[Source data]

lemma star_property_adjacent:
  fixes H :: "('a, 'b) mgraph" and wH :: "'a \<Rightarrow> nat"
  assumes "star_property n" "card (verts H) < n" "two_connected H" "cubic H"
    and e': "e' \<in> edges H" and f': "f' \<in> edges H"
    and cuts: "\<forall>F. two_edge_cut H F \<longrightarrow> separates H F e' f'" and adj: "edges_adjacent H e' f'"
  shows "\<exists>DV DE. is_cycle H DV DE \<and> e' \<in> DE \<and> f' \<in> DE \<and>
    real (sum wH DV) \<ge> real (sum wH (verts H)) powr r_exp"
proof -
  have wf: "wf_mgraph H" using assms(4) unfolding cubic_def by blast
  obtain H' :: "(nat, nat) mgraph" and \<phi> \<psi> where iso: "iso H H' \<phi> \<psi>"
    using ex_iso_nat_graph[of H] wf unfolding wf_mgraph_def by blast
  let ?\<phi>' = "inv_into (verts H) \<phi>" and ?\<psi>' = "inv_into (edges H) \<psi>"
  have b1: "bij_betw \<phi> (verts H) (verts H')" and b2: "bij_betw \<psi> (edges H) (edges H')"
    using iso unfolding iso_def by auto
  have "\<forall>F. two_edge_cut H' F \<longrightarrow> separates H' F (\<psi> e') (\<psi> f')"
  proof (intro allI impI)
    fix F assume "two_edge_cut H' F"
    then have "two_edge_cut H (?\<psi>' ` F)" using iso_two_edge_cut[OF iso_sym[OF iso]] by blast
    then have "separates H (?\<psi>' ` F) e' f'" using cuts by blast
    moreover have "F \<subseteq> edges H'" using \<open>two_edge_cut H' F\<close> unfolding two_edge_cut_def by blast
    then have "\<forall>x\<in>F. \<psi> (?\<psi>' x) = x" using b2 unfolding bij_betw_def by (auto simp: f_inv_into_f)
    then have "\<psi> ` ?\<psi>' ` F = F" by (simp add: image_image)
    moreover have "?\<psi>' ` F \<subseteq> edges H"
    proof
      fix y assume "y \<in> ?\<psi>' ` F"
      then obtain x where x: "x \<in> F" "y = ?\<psi>' x" by blast
      then have "x \<in> \<psi> ` edges H" using \<open>F \<subseteq> edges H'\<close> b2 unfolding bij_betw_def by blast
      then show "y \<in> edges H" unfolding x(2) by (rule inv_into_into)
    qed
    ultimately show "separates H' F (\<psi> e') (\<psi> f')" using iso_separates[OF iso] by metis
  qed
  moreover have "card (verts H') < n" "two_connected H'" "cubic H'"
    "\<psi> e' \<in> edges H'" "\<psi> f' \<in> edges H'" "edges_adjacent H' (\<psi> e') (\<psi> f')"
    using assms(2-4) bij_betw_same_card[OF b1] iso_two_connected[OF iso] iso_cubic[OF iso]
      bij_betw_facts(1)[OF b2] e' f' iso_edges_adjacent[OF iso adj e' f'] by auto
  ultimately obtain DV DE where D: "is_cycle H' DV DE" "\<psi> e' \<in> DE" "\<psi> f' \<in> DE"
    "real (sum (\<lambda>k. wH (?\<phi>' k)) DV) \<ge> real (sum (\<lambda>k. wH (?\<phi>' k)) (verts H')) powr r_exp"
    using assms(1)[unfolded star_property_def, THEN spec[of _ H'], THEN spec[of _ "\<lambda>k. wH (?\<phi>' k)"],
      THEN spec[of _ "\<psi> e'"], THEN spec[of _ "\<psi> f'"]]
    by auto
  have cycle: "is_cycle H (?\<phi>' ` DV) (?\<psi>' ` DE)" using iso_is_cycle[OF iso_sym[OF iso] D(1)] .
  have "?\<psi>' (\<psi> e') = e'" "?\<psi>' (\<psi> f') = f'" using e' f' b2 unfolding bij_betw_def by auto
  then have "e' \<in> ?\<psi>' ` DE" "f' \<in> ?\<psi>' ` DE" using D(2,3) by (metis image_eqI)+
  moreover have "sum (\<lambda>k. wH (?\<phi>' k)) DV = sum wH (?\<phi>' ` DV)"
  proof -
    have "\<forall>x\<in>DV. \<phi> (?\<phi>' x) = x"
      using D(1) b1 unfolding is_cycle_def bij_betw_def by (auto simp: f_inv_into_f)
    then have "\<phi> ` ?\<phi>' ` DV = DV" by (simp add: image_image)
    moreover have "?\<phi>' ` DV \<subseteq> verts H" using cycle unfolding is_cycle_def by auto
    ultimately show ?thesis using iso_sum_image[OF iso] by metis
  qed
  moreover have "sum (\<lambda>k. wH (?\<phi>' k)) (verts H') = sum wH (verts H)"
    using iso_sum_image[OF iso, of "verts H" wH] b1 unfolding bij_betw_def by simp
  ultimately show ?thesis using cycle D(4) by auto
qed

section \<open>Contracting the complement of a vertex set\<close>

text \<open>contract_rest G Y is G/(V(G) - Y): the vertices outside Y become the single vertex None,
  and edges with no end in Y are deleted.\<close>
definition contract_rest :: "('v, 'e) mgraph \<Rightarrow> 'v set \<Rightarrow> ('v option, 'e) mgraph" where
  "contract_rest G Y = \<lparr>verts = Some ` Y \<union> {None}, edges = {l\<in>edges G. ends G l \<inter> Y \<noteq> {}},
     ends = (\<lambda>l. Some ` (ends G l \<inter> Y) \<union> (if ends G l \<subseteq> Y then {} else {None}))\<rparr>"

lemma contract_rest_simps:
  "verts (contract_rest G Y) = Some ` Y \<union> {None}"
  "edges (contract_rest G Y) = {l\<in>edges G. ends G l \<inter> Y \<noteq> {}}"
  "ends (contract_rest G Y) l = Some ` (ends G l \<inter> Y) \<union> (if ends G l \<subseteq> Y then {} else {None})"
  unfolding contract_rest_def by simp_all

lemma sum_case_option:
  assumes "finite D"
  shows "sum (case_option 0 w) D = sum w {x. Some x \<in> D}"
proof -
  let ?w' = "case_option 0 w"
  have "sum ?w' (Some ` {x. Some x \<in> D}) = sum ?w' D"
    by (rule sum.mono_neutral_cong_left) (use assms in \<open>auto split: option.splits\<close>)
  moreover have "sum ?w' (Some ` {x. Some x \<in> D}) = sum w {x. Some x \<in> D}"
    by (subst sum.reindex) (auto simp: inj_on_def)
  ultimately show ?thesis by simp
qed

lemma Some_in_ends_contract_rest: "(Some a \<in> ends (contract_rest G Y) l) = (a \<in> ends G l \<and> a \<in> Y)"
  by (auto simp: contract_rest_simps)

lemma None_in_ends_contract_rest: "(None \<in> ends (contract_rest G Y) l) = (\<not> ends G l \<subseteq> Y)"
  by (auto simp: contract_rest_simps)

lemma card_ends_contract_rest:
  assumes "card (ends G l) = 2" "ends G l \<inter> Y \<noteq> {}"
  shows "card (ends (contract_rest G Y) l) = 2"
proof -
  obtain p q where pq: "ends G l = {p, q}" "p \<noteq> q" using card_2E[OF assms(1)] by blast
  consider "p \<in> Y" "q \<in> Y" | "p \<in> Y" "q \<notin> Y" | "p \<notin> Y" "q \<in> Y"
    using assms(2) pq by auto
  then show ?thesis
  proof cases
    case 1 then show ?thesis using pq by (simp add: contract_rest_simps)
  next
    case 2
    then have "ends (contract_rest G Y) l = {Some p, None}" using pq by (auto simp: contract_rest_simps)
    then show ?thesis by simp
  next
    case 3
    then have "ends (contract_rest G Y) l = {Some q, None}" using pq by (auto simp: contract_rest_simps)
    then show ?thesis by simp
  qed
qed

lemma contract_rest_lift_reach:
  assumes "(adj Ga)\<^sup>*\<^sup>* u y" "u \<in> Y"
    and "edges Ga \<subseteq> edges G" "ends Ga = ends G"
    and "ends Hb = ends (contract_rest G Y)" "\<forall>l\<in>edges (contract_rest G Y). l \<in> edges Ga \<longrightarrow> l \<in> edges Hb"
  shows "(y \<in> Y \<longrightarrow> (adj Hb)\<^sup>*\<^sup>* (Some u) (Some y)) \<and> (y \<notin> Y \<longrightarrow> (adj Hb)\<^sup>*\<^sup>* (Some u) None)"
  using assms(1)
proof (induction rule: rtranclp_induct)
  case base then show ?case using assms(2) by simp
next
  case (step y z)
  obtain l where l: "l \<in> edges Ga" "y \<in> ends G l" "z \<in> ends G l"
    using step(2) assms(4) unfolding adj_def by auto
  have lG: "l \<in> edges G" using l assms(3) by auto
  show ?case
  proof (cases "y \<in> Y")
    case True
    then have lH: "l \<in> edges Hb" using assms(6) l lG by (auto simp: contract_rest_simps)
    have r: "(adj Hb)\<^sup>*\<^sup>* (Some u) (Some y)" using step(3) True by auto
    have sy: "Some y \<in> ends Hb l" using assms(5) l True by (simp add: Some_in_ends_contract_rest)
    show ?thesis
    proof (intro conjI impI)
      assume "z \<in> Y"
      then have "Some z \<in> ends Hb l" using assms(5) l by (simp add: Some_in_ends_contract_rest)
      then have "adj Hb (Some y) (Some z)" using lH sy unfolding adj_def by blast
      then show "(adj Hb)\<^sup>*\<^sup>* (Some u) (Some z)" using r by (meson rtranclp.rtrancl_into_rtrancl)
    next
      assume "z \<notin> Y"
      then have "None \<in> ends Hb l" using assms(5) l by (simp add: None_in_ends_contract_rest) blast
      then have "adj Hb (Some y) None" using lH sy unfolding adj_def by blast
      then show "(adj Hb)\<^sup>*\<^sup>* (Some u) None" using r by (meson rtranclp.rtrancl_into_rtrancl)
    qed
  next
    case False
    have r: "(adj Hb)\<^sup>*\<^sup>* (Some u) None" using step(3) False by auto
    show ?thesis
    proof (intro conjI impI)
      assume zY: "z \<in> Y"
      then have lH: "l \<in> edges Hb" using assms(6) l lG by (auto simp: contract_rest_simps)
      have "Some z \<in> ends Hb l" using assms(5) l zY by (simp add: Some_in_ends_contract_rest)
      moreover have "None \<in> ends Hb l" using assms(5) l False by (simp add: None_in_ends_contract_rest) blast
      ultimately have "adj Hb None (Some z)" using lH unfolding adj_def by blast
      then show "(adj Hb)\<^sup>*\<^sup>* (Some u) (Some z)" using r by (meson rtranclp.rtrancl_into_rtrancl)
    next
      assume "z \<notin> Y"
      then show "(adj Hb)\<^sup>*\<^sup>* (Some u) None" using r by simp
    qed
  qed
qed

lemma reach_trapped:
  assumes "\<forall>l\<in>edges H. c \<in> ends H l \<longrightarrow> ends H l \<subseteq> {c}" "(adj H)\<^sup>*\<^sup>* c z"
  shows "z = c"
  using assms(2) by (induction rule: rtranclp_induct) (use assms(1) in \<open>auto simp: adj_def\<close>)

section \<open>2-connected cubic graphs\<close>

locale two_connected_cubic =
  fixes G :: "('v, 'e) mgraph"
  assumes tc: "two_connected G" and cub: "cubic G"
begin

lemma wf_G: "wf_mgraph G" using tc unfolding two_connected_def by auto

lemma finite_verts_G: "finite (verts G)" using wf_G unfolding wf_mgraph_def by auto
lemma finite_edges_G: "finite (edges G)" using wf_G unfolding wf_mgraph_def by auto
lemma ends_subset_verts_G: "l \<in> edges G \<Longrightarrow> ends G l \<subseteq> verts G" using wf_G unfolding wf_mgraph_def by auto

◆ **Exercise description**: Would you show every line in the data above that contains the string "False"?

◆ **Written answer**:
    case False
    have r: "(adj Hb)\<^sup>*\<^sup>* (Some u) None" using step(3) False by auto
      moreover have "None \<in> ends Hb l" using assms(5) l False by (simp add: None_in_ends_contract_rest) blast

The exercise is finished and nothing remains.